Os desafios da inclusão de pessoas com autismo no Brasil

Enviada em 24/09/2021

O filósofo prussiano Immanuel Kant afirmava que o ser humano é resultado da educação que teve. Assim, se há um problema social, há como base uma lacuna educacional. Nesse sentido, tal premissa se faz presente no cenário brasileiro, uma vez que a dificuldade da inclusão de pessoas com autismo no brasil é uma questão recorrente. Pois, tal parcela populacional é incompreendida e impedida de atuar em certas áreas da sociedade, simplesmente por serem diferentes da maioria. Ademais, essa é uma grande problemática, provocado muitas vezes pela falta de conhecimento da comunidade, acompanhado da ineficiência de políticas públicas ligadas a esse viés.

Em primeira análise, vale ressaltar que a desinformação promove o agravamento do entrave.  O que remete a série The Good Doctor, produzida pela ABC Studios, que mostra um jovem médico chamado Shaun, que sofre de um tipo de autismo, a Síndrome de Savant, que gera dificuldade de socialização. Assim, mesmo sendo altamente capacitado para atuar na profissão, ainda passa por situações de desconfiança no meio clínico, apenas por sofrer de tal mutação genética. Desse modo, é notório que o conhecimento é uma fonte inesgotável para o bom senso, todavia, a sociedade contemporânea carece de tal valia. E para isso, é necessário uma reformulação estrutural da mesma, necessitando de alterações desde as bases escolares, influenciando as novas gerações a portarem o “gene” do bem.

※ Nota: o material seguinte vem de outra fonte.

(* Let $1\le i,j,k,l\le n$ with $i<j$ and $k<l$. In ${\boldsymbol U}_{v}(\mathfrak q_n)$: if $i<j<k<l$, or $i<k<l<j$, or ($i=k$ and $j=l$), or $k<l<i<j$, or $k<i<j<l$, then $\mathsf E_{i,j}\overline{\mathsf E}_{k,l}=\overline{\mathsf E}_{k,l}\mathsf E_{i,j}$; moreover \[ \mathsf E_{i,j}\overline{\mathsf E}_{k,l}=\begin{cases} v^{-1}\overline{\mathsf E}_{k,l}\mathsf E_{i,j}-\overline{\mathsf E}_{i,l} & (i<j=k<l),\\ v\,\overline{\mathsf E}_{k,l}\mathsf E_{i,j} & (i=k<j<l),\\ \overline{\mathsf E}_{k,l}\mathsf E_{i,j}+(v-v^{-1})\mathsf E_{k,j}\overline{\mathsf E}_{i,l} & (i<k<j<l),\\ v^{-1}\overline{\mathsf E}_{k,l}\mathsf E_{i,j}+\overline{\mathsf E}_{i,j}\mathsf E_{k,j}-v^{-1}\mathsf E_{k,j}\overline{\mathsf E}_{i,j} & (i<k<j=l),\\ v^{-1}\overline{\mathsf E}_{k,l}\mathsf E_{i,j}-(\mathsf E_{\bar i}\mathsf E_{i+1,j}-v^{-1}\mathsf E_{i+1,j}\mathsf E_{\bar i})\mathsf E_{k,i}+v^{-1}\mathsf E_{k,i}(\mathsf E_{\bar i}\mathsf E_{i+1,j}-v^{-1}\mathsf E_{i+1,j}\mathsf E_{\bar i}) & (k<l=i<j,\ j>i+1),\\ v^{-1}\overline{\mathsf E}_{k,l}\mathsf E_{i,j} & (k=i<l<j),\\ \overline{\mathsf E}_{k,l}\mathsf E_{i,j}+v^{-1}\overline{\mathsf E}_{i,l}\mathsf E_{k,j}-v\,\mathsf E_{k,j}\overline{\mathsf E}_{i,l} & (k<i<l<j),\\ v\,\overline{\mathsf E}_{k,l}\mathsf E_{i,j}-v\,\mathsf E_{k,j}\overline{\mathsf E}_{i,j}+\overline{\mathsf E}_{i,j}\mathsf E_{k,j} & (k<i<j=l). \end{cases} \]
   Context: Let $v$ be an indeterminate. The quantum queer superalgebra ${\boldsymbol U}_{v}(\mathfrak q_n)$ is the associative superalgebra over $\mathbb Q(v)$ generated by even generators $\mathsf K_i,\mathsf K_i^{-1}$ ($1\le i\le n$), $\mathsf E_j,\mathsf F_j$ ($1\le j\le n-1$) and odd generators $\mathsf K_{\bar i}$ ($1\le i\le n$), $\mathsf E_{\bar j},\mathsf F_{\bar j}$ ($1\le j\le n-1$), subject to the following relations (indices are taken only where they make sense), where $(\epsilon_i,\alpha_j)=\delta_{i,j}-\delta_{i,j+1}$: (QQ1) $\mathsf K_i\mathsf K_i^{-1}=\mathsf K_i^{-1}\mathsf K_i=1$, $\mathsf K_i\mathsf K_j=\mathsf K_j\mathsf K_i$, $\mathsf K_i\mathsf K_{\bar j}=\mathsf K_{\bar j}\mathsf K_i$, $\mathsf K_{\bar i}\mathsf K_{\bar j}+\mathsf K_{\bar j}\mathsf K_{\bar i}=2\delta_{i,j}\frac{\mathsf K_i^2-\mathsf K_i^{-2}}{v^2-v^{-2}}$. (QQ2) $\mathsf K_i\mathsf E_j=v^{(\epsilon_i,\alpha_j)}\mathsf E_j\mathsf K_i$, $\mathsf K_i\mathsf E_{\bar j}=v^{(\epsilon_i,\alpha_j)}\mathsf E_{\bar j}\mathsf K_i$, $\mathsf K_i\mathsf F_j=v^{-(\epsilon_i,\alpha_j)}\mathsf F_j\mathsf K_i$, $\mathsf K_i\mathsf F_{\bar j}=v^{-(\epsilon_i,\alpha_j)}\mathsf F_{\bar j}\mathsf K_i$. (QQ3) $\mathsf K_{\bar i}\mathsf E_i-v\mathsf E_i\mathsf K_{\bar i}=\mathsf E_{\bar i}\mathsf K_i^{-1}$, $v\mathsf K_{\bar i}\mathsf E_{i-1}-\mathsf E_{i-1}\mathsf K_{\bar i}=-\mathsf K_i^{-1}\mathsf E_{\overline{i-1}}$, $\mathsf K_{\bar i}\mathsf F_i-v\mathsf F_i\mathsf K_{\bar i}=-\mathsf F_{\bar i}\mathsf K_i$, $v\mathsf K_{\bar i}\mathsf F_{i-1}-\mathsf F_{i-1}\mathsf K_{\bar i}=\mathsf K_i\mathsf F_{\overline{i-1}}$, $\mathsf K_{\bar i}\mathsf E_{\bar i}+v\mathsf E_{\bar i}\mathsf K_{\bar i}=\mathsf E_i\mathsf K_i^{-1}$, $v\mathsf K_{\bar i}\mathsf E_{\overline{i-1}}+\mathsf E_{\overline{i-1}}\mathsf K_{\bar i}=\mathsf K_i^{-1}\mathsf E_{i-1}$, $\mathsf K_{\bar i}\mathsf F_{\bar i}+v\mathsf F_{\bar i}\mathsf K_{\bar i}=\mathsf F_i\mathsf K_i$, $v\mathsf K_{\bar i}\mathsf F_{\overline{i-1}}+\mathsf F_{\overline{i-1}}\mathsf K_{\bar i}=\mathsf K_i\mathsf F_{i-1}$, and for $j\ne i,i-1$: $\mathsf K_{\bar i}\mathsf E_j=\mathsf E_j\mathsf K_{\bar i}$, $\mathsf K_{\bar i}\mathsf F_j=\mathsf F_j\mathsf K_{\bar i}$, $\mathsf K_{\bar i}\mathsf E_{\bar j}=-\mathsf E_{\bar j}\mathsf K_{\bar i}$, $\mathsf K_{\bar i}\mathsf F_{\bar j}=-\mathsf F_{\bar j}\mathsf K_{\bar i}$. (QQ4) $\mathsf E_i\mathsf F_j-\mathsf F_j\mathsf E_i=\delta_{i,j}\frac{\mathsf K_i\mathsf K_{i+1}^{-1}-\mathsf K_i^{-1}\mathsf K_{i+1}}{v-v^{-1}}$, $\mathsf E_{\bar i}\mathsf F_{\bar j}+\mathsf F_{\bar j}\mathsf E_{\bar i}=\delta_{i,j}\big(\frac{\mathsf K_i\mathsf K_{i+1}-\mathsf K_i^{-1}\mathsf K_{i+1}^{-1}}{v-v^{-1}}+(v-v^{-1})\mathsf K_{\bar i}\mathsf K_{\overline{i+1}}\big)$, $\mathsf E_i\mathsf F_{\bar j}-\mathsf F_{\bar j}\mathsf E_i=\delta_{i,j}(\mathsf K_{i+1}^{-1}\mathsf K_{\bar i}-\mathsf K_{\overline{i+1}}\mathsf K_i^{-1})$, $\mathsf E_{\bar i}\mathsf F_j-\mathsf F_j\mathsf E_{\bar i}=\delta_{i,j}(\mathsf K_{i+1}\mathsf K_{\bar i}-\mathsf K_{\overline{i+1}}\mathsf K_i)$. (QQ5) $\mathsf E_{\bar i}^2=-\frac{v-v^{-1}}{v+v^{-1}}\mathsf E_i^2$, $\mathsf F_{\bar i}^2=\frac{v-v^{-1}}{v+v^{-1}}\mathsf F_i^2$; for $|i-j|\ne1$: $\mathsf E_i\mathsf E_{\bar j}=\mathsf E_{\bar j}\mathsf E_i$, $\mathsf F_i\mathsf F_{\bar j}=\mathsf F_{\bar j}\mathsf F_i$; for $|i-j|>1$: $\mathsf E_i\mathsf E_j=\mathsf E_j\mathsf E_i$, $\mathsf F_i\mathsf F_j=\mathsf F_j\mathsf F_i$, $\mathsf E_{\bar i}\mathsf E_{\bar j}=-\mathsf E_{\bar j}\mathsf E_{\bar i}$, $\mathsf F_{\bar i}\mathsf F_{\bar j}=-\mathsf F_{\bar j}\mathsf F_{\bar i}$; $\mathsf E_i\mathsf E_{i+1}-v\mathsf E_{i+1}\mathsf E_i=\mathsf E_{\bar i}\mathsf E_{\overline{i+1}}+v\mathsf E_{\overline{i+1}}\mathsf E_{\bar i}$, $\mathsf E_i\mathsf E_{\overline{i+1}}-v\mathsf E_{\overline{i+1}}\mathsf E_i=\mathsf E_{\bar i}\mathsf E_{i+1}-v\mathsf E_{i+1}\mathsf E_{\bar i}$, $\mathsf F_i\mathsf F_{i+1}-v\mathsf F_{i+1}\mathsf F_i=-(\mathsf F_{\bar i}\mathsf F_{\overline{i+1}}+v\mathsf F_{\overline{i+1}}\mathsf F_{\bar i})$, $\mathsf F_i\mathsf F_{\overline{i+1}}-v\mathsf F_{\overline{i+1}}\mathsf F_i=\mathsf F_{\bar i}\mathsf F_{i+1}-v\mathsf F_{i+1}\mathsf F_{\bar i}$. (QQ6) for $|i-j|=1$: $\mathsf E_i^2X-(v+v^{-1})\mathsf E_iX\mathsf E_i+X\mathsf E_i^2=0$ for $X\in\{\mathsf E_j,\mathsf E_{\bar j}\}$ and $\mathsf F_i^2Y-(v+v^{-1})\mathsf F_iY\mathsf F_i+Y\mathsf F_i^2=0$ for $Y\in\{\mathsf F_j,\mathsf F_{\bar j}\}$. Quantum root vectors: for $1\le i\le n-1$ put $\mathsf E_{i,i+1}=\mathsf E_i$, $\overline{\mathsf E}_{i,i+1}=\mathsf E_{\bar i}$, $\mathsf E_{i+1,i}=\mathsf F_i$, $\overline{\mathsf E}_{i+1,i}=\mathsf F_{\bar i}$, and recursively for $i+1<j\le n$: $\mathsf E_{i,j}=-\mathsf E_{i,j-1}\mathsf E_{j-1}+v^{-1}\mathsf E_{j-1}\mathsf E_{i,j-1}$, $\overline{\mathsf E}_{i,j}=-\mathsf E_{i,j-1}\mathsf E_{\overline{j-1}}+v^{-1}\mathsf E_{\overline{j-1}}\mathsf E_{i,j-1}$, $\mathsf E_{j,i}=-\mathsf F_{j-1}\mathsf E_{j-1,i}+v\mathsf E_{j-1,i}\mathsf F_{j-1}$, $\overline{\mathsf E}_{j,i}=-\mathsf F_{\overline{j-1}}\mathsf E_{j-1,i}+v\mathsf E_{j-1,i}\mathsf F_{\overline{j-1}}$. *)

theory Defs
  imports "HOL-Computational_Algebra.Polynomial" "HOL-Computational_Algebra.Fraction_Field"
begin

Outrossim, a negligência dos poderes públicos em cumprir com as leis sociais são de extrema relevância para a contribuição do problema imposto. Pois, os governantes do país têm o papel de ofertar métodos para a superação de crises. Todavia, mesmo com o já existente artigo sexto da Constituição Federal, na forma de direito a educação, os responsáveis pelos órgãos governamentais o tratam com desdém. Assim como relatou a revista O Tempo, a respeito do polêmico caso de escolas estarem recusando  matricular crianças com algum tipo de deficiência em suas intituições. Ato esse, que é reflexo da forma que este país têm solucionado seus problemas: de forma superficial e não efetiva, o que provoca uma liberdade que não condiz com o direito de todos.

Depreende-se, portanto, a necessidade de medidas que atenuem essa situação. Logo, a fim de melhorar o convívio social, cabe ao governo, por intermédio do Ministério da Educação - Órgão responsável pela elaboração das políticas educacionais de todo país -, investir em projetos que estimulem o convívio de crianças e adolescentes com as pessoas que sofrem da síndrome de autismo. Visto que, os mesmos tem dificuldade de se socializar, Assim, esse projeto humanitário poderá trabalhar nos jovens o entendimento do mundo que está em volta, estimulando o aprimoramento constante das instituições para com seus alunos e demais envolvidos.